*** Opening of Materials provided ***

lemma borel_measurable_compose_implicit_solution:
  fixes J :: "'y::{banach,second_countable_topology} \<Rightarrow> 'x \<Rightarrow> 'b::{metric_space,second_countable_topology}"
    and E :: "'y \<Rightarrow> 'u::real_normed_vector \<Rightarrow> 'x \<Rightarrow> 'z::{banach,second_countable_topology}"
    and DE :: "'x \<Rightarrow> 'y \<times> 'u \<Rightarrow> (('y \<times> 'u) \<Rightarrow>\<^sub>L 'z)"
  assumes J_cont: "\<And>\<xi>. continuous_on UNIV (\<lambda>y. J y \<xi>)"
    and J_meas: "\<And>y. (\<lambda>\<xi>. J y \<xi>) \<in> borel_measurable P"
    and E_meas: "\<And>y. (\<lambda>\<xi>. E y u \<xi>) \<in> borel_measurable P"
    and E_deriv: "\<And>\<xi> p. ((\<lambda>(y, u). E y u \<xi>) has_derivative blinfun_apply (DE \<xi> p)) (at p)"
    and DE_cont: "\<And>\<xi>. continuous_on UNIV (DE \<xi>)"
    and S_zero: "\<And>\<xi>. E (S \<xi>) u \<xi> = 0"
    and S_unique: "\<And>\<xi> y. E y u \<xi> = 0 \<Longrightarrow> y = S \<xi>"
    and Ey_inv: "\<And>\<xi>. \<exists>L :: 'z \<Rightarrow>\<^sub>L 'y. (\<forall>y. L (DE \<xi> (S \<xi>, u) (y, 0)) = y) \<and>
        (\<forall>z. DE \<xi> (S \<xi>, u) (L z, 0) = z)"
  shows "(\<lambda>\<xi>. J (S \<xi>) \<xi>) \<in> borel_measurable P"
proof -
  obtain dY :: "nat \<Rightarrow> 'y" where dY: "closure (range dY) = UNIV" using dense_sequence_exists by blast
  obtain dZ :: "nat \<Rightarrow> 'z" where dZ: "closure (range dZ) = UNIV" using dense_sequence_exists by blast
  define I :: "'y \<Rightarrow>\<^sub>L ('y \<times> 'u)" where "I = Blinfun (\<lambda>h. (h, 0))"
  have I: "I h = (h, 0)" for h
    unfolding I_def
    by (simp add: bounded_linear_Blinfun_apply bounded_linear_Pair bounded_linear_ident
        bounded_linear_zero)
  interpret measurable_implicit_zero "\<lambda>\<xi> y. E y u \<xi>" "\<lambda>\<xi> y. DE \<xi> (y, u) o\<^sub>L I" S P dY dZ
  proof
    fix \<xi> and y :: 'y
    have "((\<lambda>y. (y, u)) has_derivative (\<lambda>h. (h, 0))) (at y)"
      by (intro derivative_eq_intros) auto
    from has_derivative_compose[OF this E_deriv[of \<xi> "(y, u)"]]
    have "((\<lambda>y. E y u \<xi>) has_derivative (\<lambda>h. DE \<xi> (y, u) (h, 0))) (at y)" by simp
    moreover have "blinfun_apply (DE \<xi> (y, u) o\<^sub>L I) = (\<lambda>h. DE \<xi> (y, u) (h, 0))"
      by (simp add: I fun_eq_iff)
    ultimately show "((\<lambda>y. E y u \<xi>) has_derivative blinfun_apply (DE \<xi> (y, u) o\<^sub>L I)) (at y)"
      by simp
  next
    fix \<xi>
    have "continuous_on UNIV (\<lambda>y. DE \<xi> (y, u))"
      by (rule continuous_on_compose2[OF DE_cont]) (auto intro: continuous_intros)
    then show "continuous_on UNIV (\<lambda>y. DE \<xi> (y, u) o\<^sub>L I)"
      by (intro continuous_intros)
  next
    fix \<xi>
    show "\<exists>L::'z \<Rightarrow>\<^sub>L 'y. (\<forall>y. L ((DE \<xi> (S \<xi>, u) o\<^sub>L I) y) = y) \<and>
        (\<forall>z. (DE \<xi> (S \<xi>, u) o\<^sub>L I) (L z) = z)"
      using Ey_inv[of \<xi>] by (simp add: I)
  qed (use E_meas S_zero S_unique dY dZ in auto)
  show ?thesis by (rule borel_measurable_compose_zero[OF J_cont J_meas])
qed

*** Close of Materials provided ***

Task details :: Tally the lines of the data that hold the string "UNIV". Answer with the number and nothing more.

Reply :: 6